The problem ->
Word for word, set down every line of the entries below from the line with "using assms(3) by (induction ds)" to the line with "monoid.m_closed[OF group.is_monoid[OF assms(1)]]", including both, and no other line.

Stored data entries

text \<open>Multiplying \<open>rel_op\<close> on a new edge \<open>e\<close> with \<open>rel_op\<close> on \<open>S\<close>: the only intermediate
  configuration is \<open>x\<close> with its value at \<open>e\<close> replaced by that of \<open>y\<close>.\<close>
lemma rel_op_insert:
  assumes "finite (carrier G)" "finite E" "e \<in> E" "e \<notin> S"
  shows "opmul G E (rel_op G E M N {e} 1) (rel_op G E M N S k) = rel_op G E M N (insert e S) (Suc k)"
proof (intro ext)
  fix x y
  show "opmul G E (rel_op G E M N {e} 1) (rel_op G E M N S k) x y = rel_op G E M N (insert e S) (Suc k) x y"
  proof (cases "x \<in> confs G E \<and> y \<in> confs G E")
    case True
    define z0 where "z0 = x(e := y e)"
    have z0: "z0 \<in> confs G E" unfolding z0_def using True assms(3) confs_upd confs_val by metis
    have only_z0: "rel_op G E M N {e} 1 x z * rel_op G E M N S k z y = 0" if "z \<in> confs G E" "z \<noteq> z0" for z
    proof -
      have "\<not> ((\<forall>e'\<in>E - {e}. x e' = z e') \<and> (\<forall>e'\<in>E - S. z e' = y e'))"
      proof
        assume "(\<forall>e'\<in>E - {e}. x e' = z e') \<and> (\<forall>e'\<in>E - S. z e' = y e')"
        hence "z = z0" using that(1) z0 assms(3,4) by (intro confs_ext) (auto simp: z0_def)
        thus False using that(2) by simp
      qed
      thus ?thesis by (auto simp: rel_op_def)
    qed
    have "(\<Sum>z\<in>confs G E. rel_op G E M N {e} 1 x z * rel_op G E M N S k z y)
        = rel_op G E M N {e} 1 x z0 * rel_op G E M N S k z0 y"
    proof -
      have "(\<Sum>z\<in>confs G E - {z0}. rel_op G E M N {e} 1 x z * rel_op G E M N S k z y) = 0"
        using only_z0 by (intro sum.neutral) blast
      thus ?thesis using z0 finite_confs[OF assms(2,1)] by (simp add: sum.remove[of _ z0])
    qed
    also have "\<dots> = rel_op G E M N (insert e S) (Suc k) x y"
      using True z0 assms(3,4) by (auto simp: rel_op_def z0_def split: if_splits)
    finally show ?thesis using True by (simp add: opmul_def)
  qed (auto simp: opmul_def rel_op_def)
qed

lemma edge_factors_closed_form:
  assumes "group G" "finite (carrier G)" "finite E" "subgroup M G" "subgroup N G"
    "distinct es" "set es \<subseteq> E"
  shows "foldr (\<lambda>e Q. opmul G E (opmul G E (TeK G E M e) (LeK G E N e)) Q) es (opid G E)
     = rel_op G E M N (set es) (length es)"
  using assms(6,7)
proof (induction es)
  case Nil
  have same: "(\<forall>e\<in>E. x e = y e) \<longleftrightarrow> x = y" if "x \<in> confs G E" "y \<in> confs G E" for x y
    using that confs_ext[of x G E y] by auto
  show ?case by (intro ext) (simp add: opid_def rel_op_def same cong: conj_cong)
next
  case (Cons e es)
  thus ?case
    using edge_factor_closed_form[OF assms(1-5), of e] rel_op_insert[OF assms(2,3), of e "set es"]
    by simp
qed

lemma Pop_closed_form:
  assumes "group G" "finite (carrier G)" "finite E" "subgroup M G" "subgroup N G"
    "distinct es" "set es = E"
  shows "Pop G E M N es = rel_op G E M N E (card E)"
  using edge_factors_closed_form[OF assms(1-6)] assms(6,7) distinct_card[OF assms(6)]
  by (simp add: Pop_def)

lemma sandwich_entry:
  assumes "x \<in> confs G E" "y \<in> confs G E"
  shows "opmul G E (opmul G E P A) Q x y = (\<Sum>w\<in>confs G E. \<Sum>z\<in>confs G E. P x z * A z w * Q w y)"
  using assms by (auto simp: opmul_def sum_distrib_right intro!: sum.cong)

lemma sandwich_sum:
  "opmul G E (opmul G E P (\<lambda>x y. c * (\<Sum>k\<in>K. A k x y))) Q
     = (\<lambda>x y. c * (\<Sum>k\<in>K. opmul G E (opmul G E P (A k)) Q x y))"
proof (intro ext)
  fix x y
  show "opmul G E (opmul G E P (\<lambda>x y. c * (\<Sum>k\<in>K. A k x y))) Q x y
     = c * (\<Sum>k\<in>K. opmul G E (opmul G E P (A k)) Q x y)"
  proof (cases "x \<in> confs G E \<and> y \<in> confs G E")
    case True
    have "opmul G E (opmul G E P (\<lambda>x y. c * (\<Sum>k\<in>K. A k x y))) Q x y
        = (\<Sum>w\<in>confs G E. \<Sum>z\<in>confs G E. \<Sum>k\<in>K. c * (P x z * A k z w * Q w y))"
      using True by (simp add: sandwich_entry sum_distrib_left sum_distrib_right mult_ac)
    also have "\<dots> = c * (\<Sum>k\<in>K. \<Sum>w\<in>confs G E. \<Sum>z\<in>confs G E. P x z * A k z w * Q w y)"
      by (simp add: sum_distrib_left sum.swap[of _ K])
    finally show ?thesis using True by (simp add: sandwich_entry)
  qed (auto simp: opmul_def)
qed

section \<open>The vertex term\<close>

lemma (in group) vertex_map_subgroup:
  assumes "subgroup M G" "e \<in> E" "src e = v \<or> tgt e = v" "g \<in> carrier G"
    and "w e \<in> M" "vertex_map G E src tgt v g w e \<in> M"
  shows "g \<in> M"
proof -
  have w: "w e \<in> carrier G" using assms(1,5) subgroup.mem_carrier by metis
  show ?thesis
  proof (cases "src e = v")
    case True
    thus ?thesis using assms subgroup_mult_right_iff[OF assms(1,5,4)] by (simp add: vertex_map_def)
  next
    case False
    hence "inv (g \<otimes> inv (w e)) \<in> M" using assms by (simp add: vertex_map_def)
    hence "g \<otimes> inv (w e) \<in> M" using subgroup_inv_iff[OF assms(1)] assms(4) w by simp
    thus ?thesis
      using subgroup_mult_right_iff[OF assms(1) subgroup.m_inv_closed[OF assms(1,5)] assms(4)] by simp
  qed
qed

text \<open>Sandwiched between \<open>P\<close>, the vertex operator \<open>A_v^g\<close> vanishes for \<open>g \<notin> M\<close>: every
  configuration in the range of \<open>P\<close> has all its edge values in \<open>M\<close>.\<close>
lemma sandwich_vertex_outside_subgroup:
  assumes "group G" "subgroup M G" "N \<subseteq> M" "e0 \<in> E" "src e0 = v \<or> tgt e0 = v"
    and "g \<in> carrier G" "g \<notin> M"
  shows "opmul G E (opmul G E (rel_op G E M N E k) (Avg G E src tgt v g)) (rel_op G E M N E k) = (\<lambda>x y. 0)"
proof -
  interpret group G by fact
  have vanish: "rel_op G E M N E k x z * Avg G E src tgt v g z w * rel_op G E M N E k w y = 0" for x z w y
  proof (rule ccontr)
    assume "rel_op G E M N E k x z * Avg G E src tgt v g z w * rel_op G E M N E k w y \<noteq> 0"
    hence xz: "z \<in> confs G E" "edge_rel G M N (x e0) (z e0)"
      and wy: "y \<in> confs G E" "edge_rel G M N (w e0) (y e0)"
      and zw: "z = vertex_map G E src tgt v g w"
      using assms(4) by (auto simp: rel_op_def Avg_def permop_def split: if_splits)
    have "z e0 \<in> M" using edge_rel_in_subgroup[OF assms(2,3) xz(2)] confs_val[OF xz(1) assms(4)] by blast
    moreover have "w e0 \<in> M" using edge_rel_in_subgroup[OF assms(2,3) wy(2)] confs_val[OF wy(1) assms(4)] by blast
    ultimately have "g \<in> M" using vertex_map_subgroup[of M e0 E src v tgt g w] assms zw by blast
    thus False using assms(7) by contradiction
  qed
  show ?thesis
  proof (intro ext)
    fix x y
    show "opmul G E (opmul G E (rel_op G E M N E k) (Avg G E src tgt v g)) (rel_op G E M N E k) x y = 0"
    proof (cases "x \<in> confs G E \<and> y \<in> confs G E")
      case True
      thus ?thesis by (simp add: sandwich_entry vanish)
    qed (auto simp: opmul_def)
  qed
qed

lemma sandwich_vertex_average:
  fixes k :: nat
  assumes "group G" "finite (carrier G)" "subgroup M G" "N \<subseteq> M" "v \<in> vertices E src tgt"
  defines "P \<equiv> rel_op G E M N E k"
  shows "smul (of_nat (card M)) (opmul G E (opmul G E P (AvK G E src tgt M v)) P)
       = smul (of_nat (card (carrier G))) (opmul G E (opmul G E P (Av G E src tgt v)) P)"
proof -
  obtain e0 where e0: "e0 \<in> E" "src e0 = v \<or> tgt e0 = v"
    using assms(5) by (auto simp: vertices_def)
  define S where "S g = opmul G E (opmul G E P (Avg G E src tgt v g)) P" for g
  have average: "smul (of_nat (card K)) (opmul G E (opmul G E P (AvK G E src tgt K v)) P)
      = (\<lambda>x y. \<Sum>g\<in>K. S g x y)" if "card K > 0" for K
    using that unfolding AvK_def sandwich_sum by (simp add: smul_def S_def)
  have "(\<Sum>g\<in>carrier G. S g x y) = (\<Sum>g\<in>M. S g x y)" for x y
    using assms(2) subgroup.subset[OF assms(3)]
      sandwich_vertex_outside_subgroup[OF assms(1,3,4) e0(1), where src = src and tgt = tgt and v = v]
      e0(2) unfolding S_def P_def
    by (intro sum.mono_neutral_right) auto
  moreover have "card M > 0" "card (carrier G) > 0"
    using subgroup.finite_imp_card_positive[OF assms(3,2)]
      subgroup.finite_imp_card_positive[OF group.subgroup_self[OF assms(1)] assms(2)] by auto
  ultimately show ?thesis by (simp add: average Av_def)
qed

section \<open>The face term\<close>

lemma holonomy_cong:
  "(\<And>d. d \<in> set ds \<Longrightarrow> z (fst d) = z' (fst d)) \<Longrightarrow> holonomy G z ds = holonomy G z' ds"
  by (induction ds) (auto simp: holonomy_def dval_def)

lemma holonomy_closed:
  assumes "group G" "z \<in> confs G E" "set ds \<subseteq> E \<times> UNIV"
  shows "holonomy G z ds \<in> carrier G"
  using assms(3) by (induction ds)
    (auto simp: holonomy_def dval_def confs_val[OF assms(2)] group.inv_closed[OF assms(1)]
      monoid.m_closed[OF group.is_monoid[OF assms(1)]] monoid.one_closed[OF group.is_monoid[OF assms(1)]])

lemma lattice_finite_edges: "lattice E src tgt F bd \<Longrightarrow> finite E"
  by (simp add: lattice_def)

lemma site_word_first_dart:
  assumes "lattice E src tgt F bd" "f \<in> F"
  shows "\<exists>d ds. site_word src tgt bd v f = d # ds \<and> fst d \<in> E \<and> set ds \<subseteq> E \<times> UNIV
    \<and> (\<forall>d'\<in>set ds. fst d' \<noteq> fst d)"
proof -
  define sw where "sw = site_word src tgt bd v f"
  have bd: "bd f \<noteq> []" "set (bd f) \<subseteq> E \<times> UNIV" "distinct (bd f)"
    "\<And>e. \<not> ((e, True) \<in> set (bd f) \<and> (e, False) \<in> set (bd f))"
    using assms distinct_map by (fastforce simp: lattice_def)+
  hence sw: "sw \<noteq> []" "set sw \<subseteq> E \<times> UNIV" "distinct sw"
    "\<And>e. \<not> ((e, True) \<in> set sw \<and> (e, False) \<in> set sw)"
    by (auto simp: sw_def site_word_def)
  then obtain d ds where dds: "sw = d # ds" by (cases sw) auto
  have "fst d' \<noteq> fst d" if d': "d' \<in> set ds" for d'
  proof
    assume eq: "fst d' = fst d"
    have "d' \<noteq> d" using sw(3) dds d' by auto
    hence "{(fst d, True), (fst d, False)} \<subseteq> set sw" using eq d' dds
      by (cases d; cases d'; cases "snd d") auto
    thus False using sw(4) by blast
  qed
  thus ?thesis using dds sw(2) by (auto simp: sw_def)
qed

text \<open>Left multiplication of the value of the dart \<open>d\<close> by \<open>n\<close> (for an inverse edge this is
  right multiplication of the edge value by \<open>n\<inverse>\<close>).\<close>
definition dart_shift :: "('g, 'b) monoid_scheme \<Rightarrow> 'e \<times> bool \<Rightarrow> 'g \<Rightarrow> ('e \<Rightarrow> 'g) \<Rightarrow> ('e \<Rightarrow> 'g)" where
  "dart_shift G d n a = a(fst d := if snd d then n \<otimes>\<^bsub>G\<^esub> a (fst d) else a (fst d) \<otimes>\<^bsub>G\<^esub> inv\<^bsub>G\<^esub> n)"

lemma dart_shift_confs:
  assumes "group G" "a \<in> confs G E" "fst d \<in> E" "n \<in> carrier G"
  shows "dart_shift G d n a \<in> confs G E"
  using assms confs_val[OF assms(2,3)]
  by (simp add: dart_shift_def confs_upd group.inv_closed monoid.m_closed group.is_monoid)

lemma (in group) dart_shift_bij:
  assumes "fst d \<in> E" "n \<in> carrier G"
  shows "bij_betw (dart_shift G d n) (confs G E) (confs G E)"
proof (rule bij_betw_byWitness[where f' = "dart_shift G d (inv n)"])
  have inverse: "dart_shift G d (inv m) (dart_shift G d m a) = a"
    if "a \<in> confs G E" "m \<in> carrier G" for a m
    using that confs_val[OF that(1) assms(1)] by (auto simp: dart_shift_def m_assoc[symmetric] m_assoc)
  show "\<forall>a\<in>confs G E. dart_shift G d (inv n) (dart_shift G d n a) = a"
    using inverse assms(2) by blast
  show "\<forall>a\<in>confs G E. dart_shift G d n (dart_shift G d (inv n) a) = a"
    using inverse[of _ "inv n"] assms(2) by simp
  show "dart_shift G d n ` confs G E \<subseteq> confs G E" "dart_shift G d (inv n) ` confs G E \<subseteq> confs G E"
    using dart_shift_confs[OF is_group _ assms(1)] assms(2) by auto
qed

lemma (in group) holonomy_dart_shift:
  assumes "a \<in> confs G E" "fst d \<in> E" "set ds \<subseteq> E \<times> UNIV"
    and "\<And>d'. d' \<in> set ds \<Longrightarrow> fst d' \<noteq> fst d" and "n \<in> carrier G"
  shows "holonomy G (dart_shift G d n a) (d # ds) = n \<otimes> holonomy G a (d # ds)"
proof -
  have rest: "holonomy G (dart_shift G d n a) ds = holonomy G a ds"
    using assms(4) by (intro holonomy_cong) (auto simp: dart_shift_def)
  have a: "a (fst d) \<in> carrier G" using assms(1,2) by (rule confs_val)
  have first: "dval G (dart_shift G d n a) d = n \<otimes> dval G a d"
    using a assms(5) by (auto simp: dart_shift_def dval_def inv_mult_group)
  show ?thesis using rest first a assms(5) holonomy_closed[OF is_group assms(1,3)]
    by (simp add: holonomy_def dval_def m_assoc)
qed

lemma (in group) rel_op_dart_shift:
  assumes "subgroup M G" "N \<lhd> G" "N \<subseteq> M" "n \<in> N" "fst d \<in> E" "a \<in> confs G E"
  shows "rel_op G E M N E k x (dart_shift G d n a) = rel_op G E M N E k x a"
    and "rel_op G E M N E k (dart_shift G d n a) y = rel_op G E M N E k a y"
proof -
  have n: "n \<in> carrier G" using assms(2,4) normal_imp_subgroup subgroup.mem_carrier by metis
  have shifted: "dart_shift G d n a \<in> confs G E" using dart_shift_confs[OF is_group assms(6,5) n] .
  have a: "a (fst d) \<in> carrier G" using assms(5,6) confs_val by metis
  have left: "edge_rel G M N (x e) (dart_shift G d n a e) = edge_rel G M N (x e) (a e)"
    if "x e \<in> carrier G" for e
    using edge_rel_shift(1,2)[OF assms(1-4) that a] by (cases "e = fst d") (auto simp: dart_shift_def)
  have right: "edge_rel G M N (dart_shift G d n a e) (y e) = edge_rel G M N (a e) (y e)"
    if "y e \<in> carrier G" for e
    using edge_rel_shift(3,4)[OF assms(1-4) that a] by (cases "e = fst d") (auto simp: dart_shift_def)
  show "rel_op G E M N E k x (dart_shift G d n a) = rel_op G E M N E k x a"
    using left shifted assms(6) confs_val[of x G E] by (auto simp: rel_op_def)
  show "rel_op G E M N E k (dart_shift G d n a) y = rel_op G E M N E k a y"
    using right shifted assms(6) confs_val[of y G E] by (auto simp: rel_op_def)
qed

Output of the task ->
  using assms(3) by (induction ds)
    (auto simp: holonomy_def dval_def confs_val[OF assms(2)] group.inv_closed[OF assms(1)]
      monoid.m_closed[OF group.is_monoid[OF assms(1)]] monoid.one_closed[OF group.is_monoid[OF assms(1)]])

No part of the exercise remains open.